:: WORK TO COMPLETE ::
Scan the entries below and say how many lines contain "ultimately". Write only the number.

:: STUDY MATERIAL ::

- - - - - - -

(* Let $U_1,U_2,\dots$ be i.i.d. almost surely positive random variables distributed as $U$ with tail function $Q(x)=\mathbb{P}(U>x)$, and assume $\mathbb{E}[U^2]<\infty$ and that there exist $\beta\in(0,1/2)$ and $x_0>0$ in the interior of the support of $U$ such that $Q^{1/2-\beta}$ is convex on $[x_0,\infty)$. Let $V_1\le\dots\le V_N$ be the order statistics of $(U_1,\dots,U_N)$ and \[D_N=\Big\{V_{N-1}\le V_N\Big(1-\Big(\frac{V_{N-1}}{\sqrt N}\Big)^{1-\beta}\Big)\Big\}.\] Then $\mathbb{P}(D_N)\to1$ as $N\to\infty$. *)

theory Defs
  imports "HOL-Probability.Probability"
begin

definition rv_support :: "'a measure \<Rightarrow> ('a \<Rightarrow> real) \<Rightarrow> real set" where
  "rv_support M X = {x. \<forall>e>0. measure M {\<omega> \<in> space M. X \<omega> \<in> ball x e} > 0}"

definition tail_fun :: "'a measure \<Rightarrow> ('a \<Rightarrow> real) \<Rightarrow> real \<Rightarrow> real" where
  "tail_fun M X x = measure M {\<omega> \<in> space M. X \<omega> > x}"

text \<open>k-th order statistic (1-based, increasing) of U 0, ..., U (N-1) at \<omega>;
so order_stat U N N is the maximum and order_stat U N (N-1) the second largest.\<close>
definition order_stat :: "(nat \<Rightarrow> 'a \<Rightarrow> real) \<Rightarrow> nat \<Rightarrow> nat \<Rightarrow> 'a \<Rightarrow> real" where
  "order_stat U N k \<omega> = sort (map (\<lambda>i. U i \<omega>) [0..<N]) ! (k - 1)"

end

theory Submission
  imports Defs "HOL-Real_Asymp.Real_Asymp"
begin

text \<open>
  Fix K > 0 and let t be the level with Q(t) = K/N. If D_N fails, then one of three things
  happens: at most one sample exceeds t, which has probability at most (1 + K) e^(-K/2); some
  sample exceeds \<epsilon> sqrt N, which has probability N Q(\<epsilon> sqrt N) \<rightarrow> 0 because E U^2 < \<infinity>; or
  two distinct samples satisfy t < U_j \<le> U_i \<le> U_j + 2 U_j (U_j / sqrt N)^(1-\<beta>) with
  U_j \<le> \<epsilon> sqrt N. Convexity of Q^(1/2-\<beta>) together with Chebyshev's bound Q(x) \<le> E U^2 / x^2
  gives Q(y) - Q(y + h) = O(Q(y)^(1/2+\<beta>) h y^(2\<beta>-2)), so each of the N^2 pairs has probability
  O(K^(3/2+\<beta>) \<epsilon>^\<beta> / N^2). Choosing K large, then \<epsilon> small, then N large proves the claim.
\<close>

lemma sorted_nth_le_iff_less_length_filter:
  fixes xs :: "'a::linorder list"
  assumes "sorted xs" "k < length xs"
  shows "xs ! k \<le> a \<longleftrightarrow> k < length (filter (\<lambda>x. x \<le> a) xs)"
  using assms
proof (induction xs arbitrary: k)
  case Nil
  then show ?case by simp
next
  case (Cons y ys)
  show ?case
  proof (cases "y \<le> a")
    case True
    then show ?thesis using Cons by (cases k) auto
  next
    case False
    then have "filter (\<lambda>x. x \<le> a) (y # ys) = []"
      using Cons.prems(1) by (auto simp: filter_empty_conv)
    moreover have "a < (y # ys) ! k"
      using Cons.prems False by (cases k) (auto, meson dual_order.trans nth_mem not_le)
    ultimately show ?thesis by simp
  qed
qed

lemma order_stat_le_iff:
  assumes "1 \<le> k" "k \<le> N"
  shows "order_stat U N k \<omega> \<le> a \<longleftrightarrow> k \<le> card {i. i < N \<and> U i \<omega> \<le> a}"
proof -
  define xs where "xs = map (\<lambda>i. U i \<omega>) [0..<N]"
  have "order_stat U N k \<omega> \<le> a \<longleftrightarrow> k - 1 < length (filter (\<lambda>x. x \<le> a) (sort xs))"
    unfolding order_stat_def xs_def[symmetric]
    by (rule sorted_nth_le_iff_less_length_filter) (use assms in \<open>auto simp: xs_def\<close>)
  also have "length (filter (\<lambda>x. x \<le> a) (sort xs)) = length (filter (\<lambda>x. x \<le> a) xs)"
    by (metis mset_filter mset_sort size_mset)
  also have "\<dots> = card {i. i < N \<and> U i \<omega> \<le> a}"
    unfolding length_filter_conv_card by (auto simp: xs_def intro!: arg_cong[where f = card])
  finally show ?thesis using assms by linarith
qed

lemma order_stat_top_two_indices:
  assumes "2 \<le> N"
  obtains i j where "i < N" "j < N" "i \<noteq> j"
    "order_stat U N N \<omega> = U i \<omega>" "order_stat U N (N - 1) \<omega> = U j \<omega>" "U j \<omega> \<le> U i \<omega>"
proof -
  define xs where "xs = map (\<lambda>i. U i \<omega>) [0..<N]"
  have len: "length xs = N" by (simp add: xs_def)
  obtain p where p: "p permutes {..<N}" "permute_list p xs = sort xs"
    using mset_eq_permutation[of "sort xs" xs] len by auto
  have p_lt: "p k < N" if "k < N" for k
    using permutes_in_image[OF p(1)] that by auto
  have sort_nth: "sort xs ! k = U (p k) \<omega>" if "k < N" for k
    using permute_list_nth[of p xs k] p len that p_lt[OF that] by (auto simp: xs_def)
  have "N - 1 \<noteq> N - 2"
    using assms by arith
  then have "p (N - 1) \<noteq> p (N - 2)"
    using permutes_inj[OF p(1)] by (metis injD)
  moreover have "sort xs ! (N - 2) \<le> sort xs ! (N - 1)"
    by (rule sorted_nth_mono) (use assms len in auto)
  moreover have "order_stat U N N \<omega> = sort xs ! (N - 1)"
    and "order_stat U N (N - 1) \<omega> = sort xs ! (N - 2)"
    by (simp_all add: order_stat_def xs_def diff_diff_left numeral_2_eq_2)
  ultimately show ?thesis
    using that[of "p (N - 1)" "p (N - 2)"] assms p_lt[of "N - 1"] p_lt[of "N - 2"]
      sort_nth[of "N - 1"] sort_nth[of "N - 2"]
    by simp
qed

lemma order_stat_second_le_cases:
  assumes "2 \<le> N" "order_stat U N (N - 1) \<omega> \<le> t"
  shows "(\<forall>k<N. U k \<omega> \<le> t) \<or> (\<exists>i<N. t < U i \<omega> \<and> (\<forall>k<N. k \<noteq> i \<longrightarrow> U k \<omega> \<le> t))"
proof (cases "\<forall>k<N. U k \<omega> \<le> t")
  case False
  then obtain i where i: "i < N" "t < U i \<omega>"
    by (auto simp: not_le)
  have "N - 1 \<le> card {k. k < N \<and> U k \<omega> \<le> t}"
    using order_stat_le_iff[of "N - 1" N U \<omega> t] assms by auto
  moreover have "{k. k < N \<and> U k \<omega> \<le> t} \<subseteq> {..<N} - {i}"
    using i by auto
  moreover have "card ({..<N} - {i}) = N - 1"
    using i by simp
  ultimately have "{k. k < N \<and> U k \<omega> \<le> t} = {..<N} - {i}"
    using card_mono[of "{..<N} - {i}" "{k. k < N \<and> U k \<omega> \<le> t}"]
    by (intro card_subset_eq) auto
  then have "\<forall>k<N. k \<noteq> i \<longrightarrow> U k \<omega> \<le> t"
    by (auto simp: set_eq_iff)
  then show ?thesis
    using i by blast
qed simp

lemma borel_measurable_order_stat:
  assumes [measurable]: "\<And>i. U i \<in> borel_measurable M" and "1 \<le> k" "k \<le> N"
  shows "order_stat U N k \<in> borel_measurable M"
proof (rule borel_measurableI_le)
  fix a
  have count: "real (card {i. i < N \<and> U i \<omega> \<le> a}) = (\<Sum>i<N. if U i \<omega> \<le> a then 1 else 0)" for \<omega>
    by (simp add: sum.If_cases Collect_conj_eq lessThan_def Int_commute)
  have "{\<omega> \<in> space M. order_stat U N k \<omega> \<le> a}
      = {\<omega> \<in> space M. real k \<le> (\<Sum>i<N. if U i \<omega> \<le> a then 1 else 0)}"
    by (intro Collect_cong conj_cong refl) (simp add: order_stat_le_iff[OF assms(2,3)] flip: count)
  also have "\<dots> \<in> sets M" by measurable
  finally show "{\<omega> \<in> space M. order_stat U N k \<omega> \<le> a} \<in> sets M" .
qed

lemma powr_diff_le_mean_value:
  fixes u v p :: real
  assumes "0 \<le> v" "v \<le> u" "1 \<le> p"
  shows "u powr p - v powr p \<le> p * u powr (p - 1) * (u - v)"
proof (cases "v = u")
  case False
  then have "v < u" using assms by simp
  show ?thesis
  proof (cases "v = 0")
    case True
    have "u powr p = u powr (p - 1) * u"
      using \<open>v < u\<close> True by (simp add: powr_diff)
    also have "\<dots> \<le> p * u powr (p - 1) * u"
      using \<open>v < u\<close> True assms by (simp add: mult_right_mono)
    finally show ?thesis using True by simp
  next
    case False
    obtain z where z: "v < z" "z < u" "u powr p - v powr p = (u - v) * (p * z powr (p - 1))"
      using MVT2[OF \<open>v < u\<close>, of "\<lambda>x. x powr p" "\<lambda>x. p * x powr (p - 1)"] assms False
      by (force intro!: derivative_eq_intros)
    have "z powr (p - 1) \<le> u powr (p - 1)"
      using z assms by (intro powr_mono2) auto
    then have "(u - v) * (p * z powr (p - 1)) \<le> (u - v) * (p * u powr (p - 1))"
      using \<open>v < u\<close> assms by (intro mult_left_mono) auto
    then show ?thesis
      using z by (simp add: algebra_simps)
  qed
qed simp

- - - - - - -

:: RESULT OF THIS TASK ::
3